Pension reform took up a large portion of his keynote speech about how to make Illinois a better place for business. He said the state has almost $100 billion in unfunded pension promises and is taking in only $30 billion in revenues to offset it.
Whitley said early retirements, cost-of-living increases and a broader scope of pension recipients has stressed the pension system over the years.
He praised lawmakers for making tough decisions a few years ago when they amended pension contributions for new pension-eligible employees. He said while those workers were entitled to pension deals that became more lucrative throughout the years, the state simply can’t afford it.
“As a taxpayer, all of us are going to be paying a lot more than that person paid [into a pension],” he said, reminding the crowd of about 90 people that state workers don’t get Social Security. “We have the worst public employee pension system in the country by a long shot.”
Whitley predicts the pension issue will continue to downgrade the state’s bond rating, which has already been downgraded 10 to 12 times in the past three years.
He said for business owners to make a difference, they need to reach out to local and statewide lawmakers.
“Continue to go to fundraisers for our local officials, but consider supporting those in other parts of the state,” he said, noting that this part of the state is not the problem.
He challenged employers to ask lawmakers how the Illinois business community can be prosperous and why it’s so hard to do business in Illinois.
Whitley said he believes Gov. Pat Quinn is being proactive in solving the pension issue, but some of Quinn’s tactics haven’t worked.
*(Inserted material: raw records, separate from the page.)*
(* Let $n\ge 1$ and define $A_n^{(\mathsf{cyc}^*-\mathsf{fix}^*,\mathsf{exc})}(q,t)=\sum_{\sigma\in\mathfrak{S}_n}q^{(\mathsf{cyc}^*-\mathsf{fix}^* )\sigma}t^{\mathsf{exc}\,\sigma}$. Then $$A_{n}^{(\mathsf{cyc}^*-\mathsf{fix}^*, \mathsf{exc})}(q, t)=\left(\frac{1+xt}{1+x}\right)^{n-1}P^{(\mathsf{cyc}^*-\mathsf{fix}^*, \mathsf{cpk}^*,\mathsf{exc})}\left(\mathfrak{S}_n; q, \frac{(1+x)^{2}t}{(x+t)(1+xt)},\frac{x+t}{1+xt}\right),$$ equivalently, $$P^{(\mathsf{cyc}^*-\mathsf{fix}^*, \mathsf{cpk}^*,\mathsf{exc})}(\mathfrak{S}_n; q, x,t)=\left(\frac{1+u}{1+uv}\right)^{n-1}A_{n}^{(\mathsf{cyc}^*-\mathsf{fix}^*,\mathsf{exc})}(q, v),$$ where $u=\frac{1+t^{2}-2xt-(1-t)\sqrt{(1+t)^{2}-4xt}}{2(1-x)t}$ and $v=\frac{(1+t)^{2}-2xt-(1+t)\sqrt{(1+t)^{2}-4xt}}{2xt}$.
   Context: $\mathfrak{S}_n$ is the set of permutations of $[n]$. $P^{(\mathsf{stat}_1,\ldots,\mathsf{stat}_m)}(\Omega;t_1,\ldots,t_m)=\sum_{\sigma\in\Omega}\prod_j t_j^{\mathsf{stat}_j\sigma}$. For $\sigma\in\mathfrak{S}_n$, $\mathsf{exc}\,\sigma=\#\{i:\sigma(i)>i\}$. The star companion $\sigma^*$ is the permutation of $\{0,\dots,n\}$ with $\sigma^*(0)=n$, $\sigma^*(i)=\sigma(i)-1$ for $i\in[n]$. $\mathsf{cyc}^*\sigma$ is the number of cycles of $\sigma^*$; $\mathsf{fix}^*\sigma=\#\{i\in[n-1]:\sigma^*(i)=i\}$; $\mathsf{cpk}^*\sigma=\#\{i\in[n-1]:(\sigma^* )^{-1}(i)<i>\sigma^*(i)\}$. *)

theory Defs
  imports Complex_Main "HOL-Combinatorics.Permutations"
begin

definition perms :: "nat \<Rightarrow> (nat \<Rightarrow> nat) set" where
  "perms n = {\<sigma>. \<sigma> permutes {1..n}}"

definition star :: "nat \<Rightarrow> (nat \<Rightarrow> nat) \<Rightarrow> nat \<Rightarrow> nat" where
  "star n \<sigma> i = (if i = 0 then n else if i \<le> n then \<sigma> i - 1 else i)"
He expects the state’s deficit and unfunded spending will be just as bad in two years as it is now, which probably will be an issue in the next gubernatorial election.
As far as what local chambers of commerce can do to make the state more business friendly, Whitley suggested chambers identify their roles in their respective business communities and urged chambers to get involved with public policy.
“From my perspective, I want local chambers to be a part of the political process,” he said.